Topic 1: Three intuitions about LLMs

Roadmap connection: Step 2 — Run a model locally

If you only walk away with three things from this session, walk away with these. Every concept in the cohort — tokenization, attention, training loss, sampling — will fit on top of these three pictures.

Intuition 1 — A model is a stack of repeated blocks

Open any modern LLM and the architecture has the same skeleton: an input → an embedding lookup → a tower of identical decoder blocks → a normalisation step → a linear projection → an output. Qwen3-0.6B looks like this:

Qwen3 0.6B architecture diagram: input → text embeddings → Qwen3DecoderLayer x28 → RMSNorm → Linear → output, with operation type breakdown and precision panel

Qwen3-0.6B interactive model view — 24 nodes, 9 op types, 151,936-token vocab. The decoder block repeats x28.

What to notice:

  • Qwen3DecoderLayer × 28 — the entire “depth” of the model is the same block stacked 28 times. Once you understand one block (attention + MLP + normalisation), you understand the whole tower.
  • 151,936 tokens — that is the vocabulary size. Every input word/symbol/sub-word maps to one of these IDs.
  • Operation typesLinear is ~36% of operations and RMSNorm ~23%. Most of an LLM is matrix multiplications and normalisations; the “magic” lives in the weights, not in exotic operators.

You can explore this view yourself: hfviewer.com/Qwen/Qwen3-0.6B.

Intuition 2 — LLMs are autoregressive: one token at a time

LLMs do not “write a sentence.” They generate one token, append it to the input, then generate the next token.
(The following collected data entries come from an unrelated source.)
(* Let $N=r+1$ and let $M_n:=M_{1,n}$ and $M_{\alpha,n}$ ($\alpha\in[1,N]$, $n\in\mathbb Z$) be the difference operators $$M_{\alpha,n}=\sum_{I\subset[1,N],\,|I|=\alpha}x_I^{\,n}\prod_{i\in I,\ j\notin I}\frac{x_i}{x_i-x_j}\,\Gamma_I,$$ with $x_I=\prod_{i\in I}x_i$, $\Gamma_I=\prod_{i\in I}\Gamma_i$, $(\Gamma_if)(x)=f(\dots,qx_i,\dots)$. Let $m(u)=\sum_{n\in\mathbb{Z}}u^nM_n$. Then for every $\alpha\in[1,N]$ and $n\in\mathbb{Z}$, $M_{\alpha,n}$ equals the coefficient of $(u_1u_2\cdots u_\alpha)^n$ in the formal series $$\prod_{1\le i<j\le\alpha}\Big(1-q\frac{u_j}{u_i}\Big)\,m(u_1)m(u_2)\cdots m(u_\alpha),$$ i.e. $\sum_{\alpha\text{-}\mathrm{currents}}\,$: $M_{\alpha,n}=\sum_{S}c_S\,M_{n+s_1}\cdots M_{n+s_\alpha}$ where $\prod_{i<j}(1-qu_j/u_i)=\sum_S c_S\prod_i u_i^{-s_i}$. Equivalently, with $m_\alpha(z)=\sum_nz^nM_{\alpha,n}$, $m_\alpha$ is obtained from this series by extracting the coefficients of $(u_1\cdots u_\alpha)^n$.
   Context: The operators act on symmetric functions in $x_1,\dots,x_N$. The product $\prod_{i<j}(1-qu_j/u_i)$ is a Laurent polynomial, so each coefficient extraction is a finite sum of ordered products of the operators $M_n$. *)

theory Defs
  imports "HOL-Combinatorics.Permutations"
begin

text \<open>Points are x :: nat => 'a; only coordinates 0..N-1 (i.e. x_1..x_N) are used.
Functions are f :: (nat => 'a) => 'a.\<close>

definition x_I :: "nat set \<Rightarrow> (nat \<Rightarrow> 'a::field) \<Rightarrow> 'a" where
  "x_I I x = (\<Prod>i\<in>I. x i)"

definition Gamma :: "'a::field \<Rightarrow> nat set \<Rightarrow> ((nat \<Rightarrow> 'a) \<Rightarrow> 'a) \<Rightarrow> (nat \<Rightarrow> 'a) \<Rightarrow> 'a" where
  "Gamma q I f x = f (\<lambda>k. if k \<in> I then q * x k else x k)"

definition Mop :: "'a::field \<Rightarrow> nat \<Rightarrow> nat \<Rightarrow> int \<Rightarrow> ((nat \<Rightarrow> 'a) \<Rightarrow> 'a) \<Rightarrow> (nat \<Rightarrow> 'a) \<Rightarrow> 'a" where
  "Mop q N \<alpha> n f x =
     (\<Sum>I\<in>{I. I \<subseteq> {..<N} \<and> card I = \<alpha>}.
        (x_I I x) powi n
        * (\<Prod>i\<in>I. \<Prod>j\<in>{..<N} - I. x i / (x i - x j))
        * Gamma q I f x)"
That loop is called autoregressive decoding. Whether you ask a question, ask for code, or ask for a full app, it is always the same shape: input → some processing → output, one token at a time.
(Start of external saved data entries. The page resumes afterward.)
(* A tensor T with x y^T = T_k0 + (sum of w_k T_k over k ~= k0) is the image of the Q that agrees
   with T off the slice k0 and stores the w_k at the entries (1, g k, k0) and x, y in the rows 2
   and 3 of that slice. Rescaling w and x achieves x = 0 or x_i = 1 for some i, so Q can be taken
   in a finite union of hyperplanes; this needs g injective on the remaining slices. *)
definition rank_one_slice_param_domain :: "'c \<Rightarrow> (real^'c^3^3) set" where
  "rank_one_slice_param_domain k0 =
     {Q. Q$2$1$k0 = 0} \<union> {Q. Q$2$1$k0 = 1} \<union> {Q. Q$2$2$k0 = 1} \<union> {Q. Q$2$3$k0 = 1}"

definition rank_one_slice_param :: "('c \<Rightarrow> 3) \<Rightarrow> 'c \<Rightarrow> real^'c^3^3 \<Rightarrow> real^'c^3^3" where
  "rank_one_slice_param g k0 Q = (\<chi> i j k. if k = k0
     then Q$2$i$k0 * Q$3$j$k0 - (\<Sum>k'\<in>UNIV - {k0}. Q$1$(g k')$k0 * Q$i$j$k')
     else Q$i$j$k)"

lemma differentiable_rank_one_slice_param: "rank_one_slice_param g k0 differentiable (at Q)"
  unfolding rank_one_slice_param_def
proof (intro differentiable_vec_lambda, goal_cases)
  case (1 i j k)
  then show ?case
    by (cases "k = k0")
      (simp_all add: differentiable_tensor_entry differentiable_diff differentiable_mult differentiable_sum)
qed

lemma rank_one_slice_tensors_subset_param_image:
  fixes G :: "'c::finite \<Rightarrow> 'c \<Rightarrow> 3"
  assumes G: "\<And>k0. inj_on (G k0) (UNIV - {k0})"
  shows "(rank_one_slice_tensors :: (real^'c^3^3) set)
           \<subseteq> (\<Union>k0. rank_one_slice_param (G k0) k0 ` rank_one_slice_param_domain k0)"
proof
  fix T :: "real^'c^3^3"
  assume "T \<in> rank_one_slice_tensors"
  then obtain w where "w \<noteq> 0" "rank_le_one (slice_combination T (($) w))"
    unfolding rank_one_slice_tensors_def by blast
  then obtain k0 where "w$k0 \<noteq> 0" by (metis vec_eq_iff zero_index)
  define w' where "w' = (1 / w$k0) *\<^sub>R w"
  have "w'$k0 = 1" using \<open>w$k0 \<noteq> 0\<close> by (simp add: w'_def)
  have "rank_le_one (slice_combination T (($) w'))"
    unfolding w'_def slice_combination_scaleR by (rule rank_le_one_scaleR) fact
  then obtain x y where xy: "\<And>i j. slice_combination T (($) w') $i$j = x$i * y$j"
    and x: "x = 0 \<or> (\<exists>i0. x$i0 = 1)"
    using rank_le_one_factor by blast
  define g where "g = G k0"
  define u where "u = (\<chi> l. if l \<in> g ` (UNIV - {k0}) then w'$(the_inv_into (UNIV - {k0}) g l) else 0)"
  have u: "u$(g k) = w'$k" if "k \<noteq> k0" for k
    using G[of k0] that by (simp add: u_def g_def the_inv_into_f_f)
  define Q :: "real^'c^3^3" where
    "Q = (\<chi> i j k. if k = k0 then (if i = 1 then u$j else if i = 2 then x$j else y$j) else T$i$j$k)"
  have "Q \<in> rank_one_slice_param_domain k0"
    using x by (auto simp: rank_one_slice_param_domain_def Q_def) (metis exhaust_3)
  moreover have "rank_one_slice_param g k0 Q = T"
  proof -
    have "(\<Sum>k\<in>UNIV - {k0}. Q$1$(g k)$k0 * Q$i$j$k) = (\<Sum>k\<in>UNIV - {k0}. w'$k * T$i$j$k)" for i j
      by (intro sum.cong) (auto simp: Q_def u)
    moreover have "x$i * y$j = T$i$j$k0 + (\<Sum>k\<in>UNIV - {k0}. w'$k * T$i$j$k)" for i j
      using xy[of i j] \<open>w'$k0 = 1\<close> by (simp add: slice_combination_def sum.remove[of UNIV k0])
    ultimately show ?thesis
      by (simp add: rank_one_slice_param_def vec_eq_iff Q_def)
  qed
  ultimately show "T \<in> (\<Union>k0. rank_one_slice_param (G k0) k0 ` rank_one_slice_param_domain k0)"
    unfolding g_def by blast
qed

lemma negligible_rank_one_slice_tensors:
  assumes "CARD('c) \<le> 4"
  shows "negligible (rank_one_slice_tensors :: (real^'c::finite^3^3) set)"
proof -
  have "\<exists>g :: 'c \<Rightarrow> 3. inj_on g (UNIV - {k0})" for k0
  proof -
    have "card (UNIV - {k0}) \<le> card (UNIV :: 3 set)" using assms by (simp add: card_Diff_singleton)
    then show ?thesis using card_le_inj[of "UNIV - {k0}" "UNIV :: 3 set"] by auto
  qed
  then obtain G :: "'c \<Rightarrow> 'c \<Rightarrow> 3" where G: "\<And>k0. inj_on (G k0) (UNIV - {k0})" by metis
  have "negligible (rank_one_slice_param (G k0) k0 ` rank_one_slice_param_domain k0)" for k0
    unfolding rank_one_slice_param_domain_def
    by (intro negligible_differentiable_image_negligible negligible_Un negligible_tensor_entry_eq
        differentiable_at_imp_differentiable_on differentiable_rank_one_slice_param) auto
  then show ?thesis
    by (intro negligible_subset[OF _ rank_one_slice_tensors_subset_param_image[OF G]] negligible_Union) auto
qed

lemma subrank_less_card_if_not_rank_one_slice:
  fixes T :: "real^'c^'a^'a"
  assumes "T \<notin> rank_one_slice_tensors"
  shows "subrank T < CARD('a)"
  using assms tensor_restricts_to_unit_card_imp_rank_one_slice le_subrank_iff not_less by blast

lemma open_not_subset_rank_one_slice_tensors:
  fixes U :: "(real^'c^3^3) set"
  assumes "CARD('c) \<le> 4" "open U" "U \<noteq> {}"
  obtains T where "T \<in> U" "T \<notin> rank_one_slice_tensors"
  using open_not_negligible[OF assms(2,3)] negligible_subset negligible_rank_one_slice_tensors[OF assms(1)]
  by blast

lemma typical_subrank_2:
  assumes "2 \<le> CARD('c)" "CARD('c) \<le> 4"
  shows "typical_subrank TYPE(real^'c::finite^3^3) 2"
proof -
  obtain k1 k2 :: 'c where "k1 \<noteq> k2"
    using ex_card[of 2 "UNIV :: 'c set"] assms(1) by (auto simp: card_2_iff)
  define T0 :: "real^'c^3^3" where
    "T0 = (\<chi> a b k. if (a, b, k) = (1, 1, k1) \<or> (a, b, k) = (2, 2, k2) then 1 else 0)"
  define U where "U = ball T0 (1/20) - rank_one_slice_tensors"
  have "open U" unfolding U_def using closed_rank_one_slice_tensors by (intro open_Diff) auto
  moreover have "U \<noteq> {}"
  proof -
    obtain T where "T \<in> ball T0 (1/20)" "T \<notin> rank_one_slice_tensors"
      by (rule open_not_subset_rank_one_slice_tensors[OF assms(2), of "ball T0 (1/20)"]) auto
    then show ?thesis by (auto simp: U_def)
  qed
  moreover have "subrank T = 2" if "T \<in> U" for T
  proof -
    have "2 \<le> subrank T"
      unfolding le_subrank_iff using that \<open>k1 \<noteq> k2\<close>
      by (intro tensor_restricts_to_unit_2_near_two_units) (auto simp: U_def T0_def dist_commute)
    moreover have "subrank T < 3"
      using that subrank_less_card_if_not_rank_one_slice by (fastforce simp: U_def)
    ultimately show ?thesis by simp
  qed
  ultimately show ?thesis unfolding typical_subrank_def by blast
qed

lemma typical_subrank_eq_2:
  assumes "3 \<le> CARD('c)" "CARD('c) \<le> 4" and "typical_subrank TYPE(real^'c::finite^3^3) r"
  shows "r = 2"
proof -
  obtain U :: "(real^'c^3^3) set" where U: "open U" "U \<noteq> {}" "\<And>T. T \<in> U \<Longrightarrow> subrank T = r"
    using assms(3) unfolding typical_subrank_def by blast
  obtain T0 e where "e > 0" "ball T0 e \<subseteq> U"
    using U(1,2) open_contains_ball by blast
  moreover obtain T where "dist T T0 < e" "tensor_restricts_to_unit T 2"
    using tensor_restricts_to_unit_2_dense[of e T0] assms(1) \<open>e > 0\<close> by force
  ultimately have "2 \<le> r" using U(3) le_subrank_iff by (metis dist_commute mem_ball subsetD)
  moreover obtain T' where "T' \<in> U" "T' \<notin> rank_one_slice_tensors"
    using open_not_subset_rank_one_slice_tensors[OF assms(2) U(1,2)] .
  then have "r < 3" using U(3) subrank_less_card_if_not_rank_one_slice by fastforce
  ultimately show ?thesis by simp
qed

lemma typical_subranks_3x3:
  assumes "3 \<le> CARD('c)" "CARD('c) \<le> 4"
  shows "{r. typical_subrank TYPE(real^'c::finite^3^3) r} = {2}"
proof
  show "{r. typical_subrank TYPE(real^'c^3^3) r} \<subseteq> {2}"
    using typical_subrank_eq_2[OF assms] by blast
  show "{2} \<subseteq> {r. typical_subrank TYPE(real^'c^3^3) r}"
    using assms by (simp add: typical_subrank_2)
qed

theorem corollary4p6:
  shows "{r. typical_subrank TYPE(real^3^3^3) r} = {2}
       \<and> {r. typical_subrank TYPE(real^4^3^3) r} = {2}"
  by (simp add: typical_subranks_3x3)

end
prompt: "Write a sonnet about love."
step 1 → "In"
step 2 → "In twilight's"
step 3 → "In twilight's hush,"
step 4 → "In twilight's hush, where"
... and so on

The InfoLens space makes this visible — every generated token is connected back to the prompt tokens it was paying attention to:

InfoLens HuggingFace space showing context-attribution DAG, info highlight panel, context attribution panel, and LLM raw chat panel for a sonnet generation

InfoLens — context-attribution DAG. Each generated token (e.g. “gentle”) traces back to the prompt tokens that informed it.
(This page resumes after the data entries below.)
(* For every integer $k\geq 1$ there exist $n$ and a connected $k$-colouring of the edges of $K_n^{(3)}$ with no multicoloured $4$-set.
   Context: $K_n^{(3)}$ is the complete $3$-uniform hypergraph on $n$ vertices (edges are all $3$-subsets). A strong path in a $3$-uniform hypergraph $H$ is a sequence of edges $E_1,\dots,E_m$ of $H$ with $|E_t\cap E_{t+1}|=2$ for all $t$. $H$ is connected if for any two $2$-subsets $\{u,v\},\{u',v'\}$ of $V(H)$ there is a strong path $E_1,\dots,E_m$ in $H$ with $\{u,v\}\subseteq E_1$ and $\{u',v'\}\subseteq E_m$. A $k$-colouring of the edges of $K_n^{(3)}$ is connected if for each colour, the $3$-graph on all $n$ vertices formed by the edges of that colour is connected. A $4$-set of vertices is multicoloured if its four $3$-subsets receive four distinct colours. *)

theory Defs
  imports Main
begin

text \<open>A 3-uniform hypergraph on vertex set V is given by its edge set H (a set of 3-subsets of V).\<close>

definition strong_path :: "'a set set \<Rightarrow> 'a set list \<Rightarrow> bool" where
  "strong_path H Es \<longleftrightarrow> Es \<noteq> [] \<and> set Es \<subseteq> H \<and>
     (\<forall>t. Suc t < length Es \<longrightarrow> card (Es ! t \<inter> Es ! Suc t) = 2)"

definition hconnected :: "'a set \<Rightarrow> 'a set set \<Rightarrow> bool" where
  "hconnected V H \<longleftrightarrow>
     (\<forall>P Q. P \<subseteq> V \<and> card P = 2 \<and> Q \<subseteq> V \<and> card Q = 2 \<longrightarrow>
        (\<exists>Es. strong_path H Es \<and> P \<subseteq> hd Es \<and> Q \<subseteq> last Es))"

definition triples :: "'a set \<Rightarrow> 'a set set" where
  "triples V = {E. E \<subseteq> V \<and> card E = 3}"

definition is_colouring :: "'a set \<Rightarrow> nat \<Rightarrow> ('a set \<Rightarrow> nat) \<Rightarrow> bool" where
  "is_colouring V k c \<longleftrightarrow> (\<forall>E\<in>triples V. c E < k)"

definition connected_colouring :: "'a set \<Rightarrow> nat \<Rightarrow> ('a set \<Rightarrow> nat) \<Rightarrow> bool" where
  "connected_colouring V k c \<longleftrightarrow> is_colouring V k c \<and>
     (\<forall>i<k. hconnected V {E\<in>triples V. c E = i})"

definition multicoloured :: "('a set \<Rightarrow> nat) \<Rightarrow> 'a set \<Rightarrow> bool" where
  "multicoloured c S \<longleftrightarrow> card (c ` {E. E \<subseteq> S \<and> card E = 3}) = 4"

end

theory Submission
  imports Defs
begin

text \<open>Take 7k vertices split into k blocks of seven consecutive numbers, and a tournament on
them in which any two vertices are beaten by a common vertex of every block. Every triple picks
one of its vertices (its source, if it has one) and is coloured by the block of that vertex.
On four vertices the four triples never pick four distinct vertices, whatever the tournament, so
no 4-set is multicoloured. For colour i, a pair {u, v} lies in the triple {u, v, w} of colour i
where w in block i beats u and v; two such steps lead to a pair inside block i, and all triples
inside block i have colour i.\<close>

lemma strong_path_Nil [simp]: "\<not> strong_path H []"
  by (simp add: strong_path_def)

lemma strong_path_singleton [simp]: "strong_path H [E] \<longleftrightarrow> E \<in> H"
  by (simp add: strong_path_def)

lemma strong_path_Cons_Cons:
  "strong_path H (E # F # Es) \<longleftrightarrow> E \<in> H \<and> card (E \<inter> F) = 2 \<and> strong_path H (F # Es)"
  by (auto simp: strong_path_def All_less_Suc2)

lemma strong_path_append:
  assumes "strong_path H xs" "strong_path H ys" "card (last xs \<inter> hd ys) = 2"
  shows "strong_path H (xs @ ys)"
  using assms
proof (induction xs rule: induct_list012)
  case 1 then show ?case by simp
next
  case (2 E) then show ?case by (cases ys) (auto simp: strong_path_Cons_Cons)
next
  case (3 E F Es) then show ?case by (auto simp: strong_path_Cons_Cons)
qed

lemma strong_path_rev: "strong_path H Es \<Longrightarrow> strong_path H (rev Es)"
proof (induction Es rule: induct_list012)
  case 1 then show ?case by simp
next
  case (2 E) then show ?case by simp
next
  case (3 E F Es)
  then have "strong_path H (rev (F # Es))" "card (last (rev (F # Es)) \<inter> hd [E]) = 2"
    by (simp_all add: strong_path_Cons_Cons Int_commute)
  with "3.prems" have "strong_path H (rev (F # Es) @ [E])"
    by (intro strong_path_append) (simp_all add: strong_path_Cons_Cons)
  then show ?case by simp
qed

definition linked :: "'a set set \<Rightarrow> 'a set \<Rightarrow> 'a set \<Rightarrow> bool" where
  "linked H P Q \<longleftrightarrow> (\<exists>Es. strong_path H Es \<and> P \<subseteq> hd Es \<and> Q \<subseteq> last Es)"

lemma linked_if_common_edge: "E \<in> H \<Longrightarrow> P \<subseteq> E \<Longrightarrow> Q \<subseteq> E \<Longrightarrow> linked H P Q"
  unfolding linked_def by (intro exI[of _ "[E]"]) simp

lemma linked_sym: "linked H P Q \<Longrightarrow> linked H Q P"
  unfolding linked_def by (metis strong_path_rev hd_rev last_rev)

lemma card_Int_eq_2_if_triples:
  assumes "card A = 3" "card B = 3" "A \<noteq> B" "card R = 2" "R \<subseteq> A \<inter> B"
  shows "card (A \<inter> B) = 2"
proof -
  have fin: "finite A" "finite B" using assms(1,2) card.infinite by fastforce+
  have "A \<inter> B \<noteq> A"
    using assms(1-3) fin card_subset_eq[of B A] by (metis inf.cobounded2)
  then have "card (A \<inter> B) < 3"
    using assms(1) fin by (metis Int_lower1 psubsetI psubset_card_mono)
  moreover have "card R \<le> card (A \<inter> B)"
    using assms(5) fin by (intro card_mono) auto
  ultimately show ?thesis using assms(4) by linarith
qed

lemma linked_trans:
  assumes uniform: "\<forall>E\<in>H. card E = 3" and R: "card R = 2"
    and "linked H P R" "linked H R Q"
  shows "linked H P Q"
proof -
  obtain Es1 where Es1: "strong_path H Es1" "P \<subseteq> hd Es1" "R \<subseteq> last Es1"
    using assms(3) unfolding linked_def by blast
  obtain Es where Es: "strong_path H Es" "R \<subseteq> hd Es" "Q \<subseteq> last Es"
    using assms(4) unfolding linked_def by blast
  then obtain E Es2 where Es2: "Es = E # Es2" by (cases Es) auto
  have ne: "Es1 \<noteq> []" using Es1(1) by auto
  have in_H: "last Es1 \<in> H" "E \<in> H"
    using Es1(1) Es(1) Es2 ne by (auto simp: strong_path_def)
  show ?thesis
  proof (cases "last Es1 = E")
    case True
    show ?thesis
    proof (cases Es2)
      case Nil
      then show ?thesis unfolding linked_def using Es1 Es Es2 True by (intro exI[of _ Es1]) simp
    next
      case (Cons F Es2')
      with Es(1) Es2 have "card (E \<inter> F) = 2" "strong_path H Es2"
        by (simp_all add: strong_path_Cons_Cons)
      with Es1(1) True Cons have "strong_path H (Es1 @ Es2)"
        by (intro strong_path_append) simp_all
      then show ?thesis
        unfolding linked_def using Es1(2) Es(3) Es2 Cons ne by (intro exI[of _ "Es1 @ Es2"]) simp
    qed
  next
    case False
    then have "card (last Es1 \<inter> E) = 2"
      using uniform in_H R Es1(3) Es(2) Es2 by (intro card_Int_eq_2_if_triples) auto
    with Es1(1) Es(1) Es2 have "strong_path H (Es1 @ Es)"
      by (intro strong_path_append) simp_all
    then show ?thesis
      unfolding linked_def using Es1(2) Es(3) Es2 ne by (intro exI[of _ "Es1 @ Es"]) simp
  qed
qed

lemma hconnected_if_linked_to:
  assumes uniform: "\<forall>E\<in>H. card E = 3" and R: "card R = 2"
    and linked_R: "\<And>P. P \<subseteq> V \<Longrightarrow> card P = 2 \<Longrightarrow> linked H P R"
  shows "hconnected V H"
  unfolding hconnected_def linked_def[symmetric]
proof (intro allI impI)
  fix P Q assume "P \<subseteq> V \<and> card P = 2 \<and> Q \<subseteq> V \<and> card Q = 2"
  then have "linked H P R" "linked H R Q" using linked_R linked_sym by blast+
  then show "linked H P Q" using linked_trans[OF uniform R] by blast
qed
Try it live: huggingface.co/spaces/dqy08/InfoLens.

Why this matters: every architectural detail — the KV cache, attention masks, sampling temperature — exists to support this one-token-at-a-time loop efficiently and controllably.

Intuition 3 — The model outputs a probability distribution over the entire vocabulary

This is the intuition learners miss most often.

When the model is “predicting the next token,” it is not picking one word. At every step it produces a probability for every single one of the ~150K vocabulary tokens (151,936 for Qwen3). The “output” you see is just the result of sampling from that distribution.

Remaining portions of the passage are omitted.